*ASSIGNED TASK*:
Repeat the records below line by line, exactly, finishing on the line that contains "j)\<^sup>2 \<le> (\<sigma>".

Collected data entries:
= = = =

lemma norm_remainder_sigma_scale_le:
  "norm (remainder_part (sigma_scale j a) (sigma_scale j b)) \<le> \<sigma> (r + 1) ^ j * norm (remainder_part a b)"
proof (rule power2_le_imp_le)
  show "0 \<le> \<sigma> (r + 1) ^ j * norm (remainder_part a b)"
    using sigma_pos[of "r + 1"] r by simp
  have "(norm (remainder_part (sigma_scale j a) (sigma_scale j b)))\<^sup>2
      = (\<Sum>i=1..m. (\<sigma> i ^ j)\<^sup>2 * ((trailing a i)\<^sup>2 + (trailing b i)\<^sup>2))"
    unfolding norm_uv_comb_sq
    by (intro sum.cong refl) (simp add: trailing_def sigma_scale_def power_mult_distrib algebra_simps)
  also have "\<dots> \<le> (\<Sum>i=1..m. (\<sigma> (r + 1) ^ j)\<^sup>2 * ((trailing a i)\<^sup>2 + (trailing b i)\<^sup>2))"
  proof (intro sum_mono)
    fix i assume i: "i \<in> {1..m}"
    show "(\<sigma> i ^ j)\<^sup>2 * ((trailing a i)\<^sup>2 + (trailing b i)\<^sup>2)
        \<le> (\<sigma> (r + 1) ^ j)\<^sup>2 * ((trailing a i)\<^sup>2 + (trailing b i)\<^sup>2)"
    proof (cases "i \<le> r")
      case False
      then have "(\<sigma> i ^ j)\<^sup>2 \<le> (\<sigma> (r + 1) ^ j)\<^sup>2"
        using i sigma_trailing_le[of i] sigma_pos[of i] by (intro power_mono) auto
      then show ?thesis by (simp add: mult_right_mono)
    qed (simp add: trailing_def)
  qed
  also have "\<dots> = (\<sigma> (r + 1) ^ j * norm (remainder_part a b))\<^sup>2"
    by (simp add: power_mult_distrib norm_uv_comb_sq sum_distrib_left)
  finally show "(norm (remainder_part (sigma_scale j a) (sigma_scale j b)))\<^sup>2
      \<le> (\<sigma> (r + 1) ^ j * norm (remainder_part a b))\<^sup>2" .
qed

lemma power_comb_uminus: "power_comb j (\<lambda>i. - a i) (\<lambda>i. - b i) = - power_comb j a b"
proof -
  have "power_comb j (\<lambda>i. - a i) (\<lambda>i. - b i)
      = uv_comb (\<lambda>i. - sigma_scale j a i) (\<lambda>i. - sigma_scale j b i)"
    by (intro uv_comb_cong) (simp_all add: sigma_scale_def)
  then show ?thesis by (simp only: uv_comb_uminus)
qed

lemma sum_leading: "(\<Sum>i=1..m. if i \<le> r then f i else 0) = (\<Sum>i=1..r. f i)"
proof -
  have "{1..m} \<inter> {i. i \<le> r} = {1..r}" using r by auto
  then show ?thesis using sum.inter_restrict[of "{1..m}" f "{i. i \<le> r}"] by simp
qed

lemma dominant_part_eq_sum: "dominant_part a b = (\<Sum>i=1..r. a i *\<^sub>R u i + b i *\<^sub>R v i)"
proof -
  have "dominant_part a b = (\<Sum>i=1..m. if i \<le> r then a i *\<^sub>R u i + b i *\<^sub>R v i else 0)"
    unfolding uv_comb_def by (intro sum.cong refl) (simp add: leading_def)
  then show ?thesis by (simp only: sum_leading)
qed

lemma norm_dominant_part_sq: "(norm (dominant_part a b))\<^sup>2 = (\<Sum>i=1..r. (a i)\<^sup>2 + (b i)\<^sup>2)"
proof -
  have "(norm (dominant_part a b))\<^sup>2 = (\<Sum>i=1..m. if i \<le> r then (a i)\<^sup>2 + (b i)\<^sup>2 else 0)"
    unfolding norm_uv_comb_sq by (intro sum.cong refl) (simp add: leading_def)
  then show ?thesis by (simp only: sum_leading)
qed

lemma inner_dominant_part_rotate: "dominant_part a b \<bullet> dominant_part b (\<lambda>i. - a i) = 0"
  by (simp add: inner_uv_comb leading_def sum.neutral)

lemma matrix_vector_mult_sgn_dominant_part:
  "S *v sgn (dominant_part a b) = \<sigma> 1 *\<^sub>R sgn (dominant_part b (\<lambda>i. - a i))"
proof -
  have "S *v dominant_part a b = \<sigma> 1 *\<^sub>R dominant_part b (\<lambda>i. - a i)"
    unfolding matrix_vector_mult_uv_comb uv_comb_scaleR[symmetric]
  proof (intro uv_comb_cong)
    fix i assume "i \<in> {1..m}"
    then show "\<sigma> i * leading b i = \<sigma> 1 * leading b i"
      and "- (\<sigma> i * leading a i) = \<sigma> 1 * leading (\<lambda>i. - a i) i"
      by (auto simp: leading_def sig_top[of i])
  qed
  moreover have "norm (dominant_part b (\<lambda>i. - a i)) = norm (dominant_part a b)"
  proof -
    have "(norm (dominant_part b (\<lambda>i. - a i)))\<^sup>2 = (norm (dominant_part a b))\<^sup>2"
      by (simp add: norm_dominant_part_sq add.commute)
    then show ?thesis by (simp add: power2_eq_iff_nonneg)
  qed
  ultimately show ?thesis by (simp add: sgn_div_norm matrix_vector_mult_scaleR)
qed

context
  fixes a b :: "nat \<Rightarrow> real"
  assumes dominant_nonzero: "dominant_part a b \<noteq> 0"
begin

lemma power_comb_decomposition:
  "power_comb j a b = (\<sigma> 1 ^ j * norm (dominant_part a b)) *\<^sub>R sgn (dominant_part a b)
     + remainder_part (sigma_scale j a) (sigma_scale j b)"
  using dominant_nonzero
  by (subst uv_comb_leading_trailing) (simp add: dominant_part_sigma_scale sgn_div_norm)

lemma
  shows tan_acute_angle_power_comb:
    "tan (acute_angle (power_comb j a b) (sgn (dominant_part a b)))
      = norm (remainder_part (sigma_scale j a) (sigma_scale j b)) / (\<sigma> 1 ^ j * norm (dominant_part a b))"
    and dist_sgn_power_comb:
    "norm (sgn (power_comb j a b) - sgn (dominant_part a b))
      \<le> 2 * tan (acute_angle (power_comb j a b) (sgn (dominant_part a b)))"
proof -
  define t where "t = \<sigma> 1 ^ j * norm (dominant_part a b)"
  define R where "R = remainder_part (sigma_scale j a) (sigma_scale j b)"
  have A: "norm (sgn (dominant_part a b)) = 1" using dominant_nonzero by (simp add: norm_sgn)
  have orth: "sgn (dominant_part a b) \<bullet> R = 0"
    by (simp add: R_def sgn_div_norm inner_dominant_remainder)
  have t: "t > 0" using sigma_pos[of 1] r dominant_nonzero by (simp add: t_def)
  have P: "power_comb j a b = t *\<^sub>R sgn (dominant_part a b) + R"
    unfolding t_def R_def by (rule power_comb_decomposition)
  show tan: "tan (acute_angle (power_comb j a b) (sgn (dominant_part a b)))
      = norm (remainder_part (sigma_scale j a) (sigma_scale j b)) / (\<sigma> 1 ^ j * norm (dominant_part a b))"
    unfolding P using tan_acute_angle_orthogonal[OF A orth t] by (simp add: t_def R_def)
  show "norm (sgn (power_comb j a b) - sgn (dominant_part a b))
      \<le> 2 * tan (acute_angle (power_comb j a b) (sgn (dominant_part a b)))"
    unfolding tan using dist_sgn_orthogonal[OF A orth t] P by (simp add: t_def R_def)
qed

lemma tan_acute_angle_power_comb_nonneg:
  "0 \<le> tan (acute_angle (power_comb j a b) (sgn (dominant_part a b)))"
  using sigma_pos[of 1] r by (simp add: tan_acute_angle_power_comb)

lemma tan_acute_angle_power_comb_le:
  assumes "i \<le> j"
  shows "tan (acute_angle (power_comb j a b) (sgn (dominant_part a b)))
    \<le> (\<sigma> (r + 1) / \<sigma> 1) ^ (j - i) * tan (acute_angle (power_comb i a b) (sgn (dominant_part a b)))"
proof -
  have j: "j = (j - i) + i" using assms by simp
  have s1: "\<sigma> 1 > 0" using sigma_pos[of 1] r by simp
  have H: "norm (dominant_part a b) > 0" using dominant_nonzero by simp
  have "norm (remainder_part (sigma_scale j a) (sigma_scale j b))
      \<le> \<sigma> (r + 1) ^ (j - i) * norm (remainder_part (sigma_scale i a) (sigma_scale i b))"
    by (subst (1 2) j) (simp only: sigma_scale_add norm_remainder_sigma_scale_le)
  then have "norm (remainder_part (sigma_scale j a) (sigma_scale j b)) / (\<sigma> 1 ^ j * norm (dominant_part a b))
      \<le> \<sigma> (r + 1) ^ (j - i) * norm (remainder_part (sigma_scale i a) (sigma_scale i b))
         / (\<sigma> 1 ^ j * norm (dominant_part a b))"
    using s1 H by (simp add: divide_right_mono)
  also have "\<dots> = (\<sigma> (r + 1) / \<sigma> 1) ^ (j - i)
      * (norm (remainder_part (sigma_scale i a) (sigma_scale i b)) / (\<sigma> 1 ^ i * norm (dominant_part a b)))"
    using s1 H by (subst (1) j) (simp add: power_add power_divide)
  finally show ?thesis unfolding tan_acute_angle_power_comb .
qed

lemma sgn_power_comb_tendsto: "(\<lambda>j. sgn (power_comb j a b)) \<longlonglongrightarrow> sgn (dominant_part a b)"
proof -
  define \<rho> where "\<rho> = \<sigma> (r + 1) / \<sigma> 1"
  define \<tau> where "\<tau> = tan (acute_angle (power_comb 0 a b) (sgn (dominant_part a b)))"
  have "0 \<le> \<rho>" "\<rho> < 1"
    using sigma_pos[of 1] sigma_pos[of "r + 1"] r sig_gap by (auto simp: \<rho>_def)
  then have "(\<lambda>j. 2 * (\<rho> ^ j * \<tau>)) \<longlonglongrightarrow> 2 * (0 * \<tau>)"
    by (intro tendsto_intros LIMSEQ_power_zero) simp
  then have lim: "(\<lambda>j. 2 * (\<rho> ^ j * \<tau>)) \<longlonglongrightarrow> 0" by simp
  have bound: "\<forall>\<^sub>F j in sequentially.
      norm (sgn (power_comb j a b) - sgn (dominant_part a b)) \<le> 2 * (\<rho> ^ j * \<tau>)"
  proof (intro always_eventually allI)
    fix j
    show "norm (sgn (power_comb j a b) - sgn (dominant_part a b)) \<le> 2 * (\<rho> ^ j * \<tau>)"
      using dist_sgn_power_comb[of j] tan_acute_angle_power_comb_le[OF le0, of j, unfolded diff_zero]
      unfolding \<rho>_def \<tau>_def by linarith
  qed
  show ?thesis using Lim_null_comparison[OF bound lim] by (simp add: LIM_zero_iff)
qed

end

end

locale power_iteration = real_schur_pairs S m r \<sigma> u v
  for S :: "real^'n^'n" and m r \<sigma> u v +
  fixes \<alpha>1 \<alpha>2 :: "nat \<Rightarrow> real" and q :: "nat \<Rightarrow> real^'n"
  assumes alpha_pos: "(\<Sum>i=1..r. (\<alpha>1 i)\<^sup>2 + (\<alpha>2 i)\<^sup>2) > 0"
    and q0: "q 0 = 2 *\<^sub>R (\<Sum>i=1..m. \<alpha>1 i *\<^sub>R u i - \<alpha>2 i *\<^sub>R v i)"
    and q0_unit: "norm (q 0) = 1"
    and q_odd: "\<And>k. q (2 * k + 1) = (1 / norm (S *v q (2 * k))) *\<^sub>R (S *v q (2 * k))"
    and q_even: "\<And>k. q (2 * k + 2) = - ((1 / norm (S *v q (2 * k + 1))) *\<^sub>R (S *v q (2 * k + 1)))"
begin

abbreviation x_even :: "real^'n" where
  "x_even \<equiv> sgn (dominant_part \<alpha>1 (\<lambda>i. - \<alpha>2 i))"

abbreviation x_odd :: "real^'n" where
  "x_odd \<equiv> sgn (dominant_part (\<lambda>i. - \<alpha>2 i) (\<lambda>i. - \<alpha>1 i))"

lemma q_eq_sgn_power_comb:
  "q (2 * k) = sgn (power_comb (2 * k) \<alpha>1 (\<lambda>i. - \<alpha>2 i))
   \<and> q (2 * k + 1) = sgn (power_comb (2 * k + 1) (\<lambda>i. - \<alpha>2 i) (\<lambda>i. - \<alpha>1 i))"
proof (induction k)
  case 0
  have P: "q 0 = 2 *\<^sub>R power_comb 0 \<alpha>1 (\<lambda>i. - \<alpha>2 i)"
    by (simp add: q0 uv_comb_def sigma_scale_def)
  have "q 0 = sgn (q 0)" using q0_unit by (simp add: sgn_div_norm)
  also have "\<dots> = sgn (power_comb 0 \<alpha>1 (\<lambda>i. - \<alpha>2 i))" by (simp only: P sgn_scaleR) simp
  finally have "q 0 = sgn (power_comb 0 \<alpha>1 (\<lambda>i. - \<alpha>2 i))" .
  then show ?case
    using q_odd[of 0] by (simp add: scaleR_inverse_norm_eq_sgn sgn_matrix_vector_mult_sgn matrix_vector_mult_power_comb)
next
  case (Suc k)
  then have "q (2 * Suc k) = - sgn (power_comb (2 * Suc k) (\<lambda>i. - \<alpha>1 i) \<alpha>2)"
    using q_even[of k]
    by (simp add: scaleR_inverse_norm_eq_sgn sgn_matrix_vector_mult_sgn matrix_vector_mult_power_comb)
  also have "\<dots> = sgn (power_comb (2 * Suc k) \<alpha>1 (\<lambda>i. - \<alpha>2 i))"
    using power_comb_uminus[of "2 * Suc k" \<alpha>1 "\<lambda>i. - \<alpha>2 i"] by (simp add: sgn_minus)
  finally show ?case
    using q_odd[of "Suc k"] by (simp add: scaleR_inverse_norm_eq_sgn sgn_matrix_vector_mult_sgn matrix_vector_mult_power_comb)
qed

lemma dominant_even_nonzero: "dominant_part \<alpha>1 (\<lambda>i. - \<alpha>2 i) \<noteq> 0"
  using norm_dominant_part_sq[of \<alpha>1 "\<lambda>i. - \<alpha>2 i"] alpha_pos by auto

lemma dominant_odd_nonzero: "dominant_part (\<lambda>i. - \<alpha>2 i) (\<lambda>i. - \<alpha>1 i) \<noteq> 0"
  using norm_dominant_part_sq[of "\<lambda>i. - \<alpha>2 i" "\<lambda>i. - \<alpha>1 i"] alpha_pos by (auto simp: add.commute)

lemma x_even_unit: "norm x_even = 1"
  using dominant_even_nonzero by (simp add: norm_sgn)

lemma x_odd_unit: "norm x_odd = 1"
  using dominant_odd_nonzero by (simp add: norm_sgn)

lemma inner_x_odd_x_even: "x_odd \<bullet> x_even = 0"
  using inner_dominant_part_rotate[of \<alpha>1 "\<lambda>i. - \<alpha>2 i"] by (simp add: sgn_div_norm inner_commute)

lemma matrix_vector_mult_x_even: "S *v x_even = \<sigma> 1 *\<^sub>R x_odd"
  using matrix_vector_mult_sgn_dominant_part[of \<alpha>1 "\<lambda>i. - \<alpha>2 i"] by simp

lemma matrix_vector_mult_x_odd: "S *v x_odd = - (\<sigma> 1 *\<^sub>R x_even)"
proof -
  have "dominant_part (\<lambda>i. - \<alpha>1 i) \<alpha>2 = - dominant_part \<alpha>1 (\<lambda>i. - \<alpha>2 i)"
    unfolding uv_comb_uminus[symmetric] by (intro uv_comb_cong) (simp_all add: leading_def)
  then show ?thesis
    using matrix_vector_mult_sgn_dominant_part[of "\<lambda>i. - \<alpha>2 i" "\<lambda>i. - \<alpha>1 i"] by (simp add: sgn_minus)
qed

lemma q_even_tendsto: "(\<lambda>k. q (2 * k)) \<longlonglongrightarrow> x_even"
proof -
  have "strict_mono (\<lambda>k::nat. 2 * k)" by (simp add: strict_mono_def)
  from LIMSEQ_subseq_LIMSEQ[OF sgn_power_comb_tendsto[OF dominant_even_nonzero] this]
  show ?thesis by (simp add: o_def q_eq_sgn_power_comb)
qed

= = = =

*RESULT*:
lemma norm_remainder_sigma_scale_le:
  "norm (remainder_part (sigma_scale j a) (sigma_scale j b)) \<le> \<sigma> (r + 1) ^ j * norm (remainder_part a b)"
proof (rule power2_le_imp_le)
  show "0 \<le> \<sigma> (r + 1) ^ j * norm (remainder_part a b)"
    using sigma_pos[of "r + 1"] r by simp
  have "(norm (remainder_part (sigma_scale j a) (sigma_scale j b)))\<^sup>2
      = (\<Sum>i=1..m. (\<sigma> i ^ j)\<^sup>2 * ((trailing a i)\<^sup>2 + (trailing b i)\<^sup>2))"
    unfolding norm_uv_comb_sq
    by (intro sum.cong refl) (simp add: trailing_def sigma_scale_def power_mult_distrib algebra_simps)
  also have "\<dots> \<le> (\<Sum>i=1..m. (\<sigma> (r + 1) ^ j)\<^sup>2 * ((trailing a i)\<^sup>2 + (trailing b i)\<^sup>2))"
  proof (intro sum_mono)
    fix i assume i: "i \<in> {1..m}"
    show "(\<sigma> i ^ j)\<^sup>2 * ((trailing a i)\<^sup>2 + (trailing b i)\<^sup>2)
        \<le> (\<sigma> (r + 1) ^ j)\<^sup>2 * ((trailing a i)\<^sup>2 + (trailing b i)\<^sup>2)"
    proof (cases "i \<le> r")
      case False
      then have "(\<sigma> i ^ j)\<^sup>2 \<le> (\<sigma> (r + 1) ^ j)\<^sup>2"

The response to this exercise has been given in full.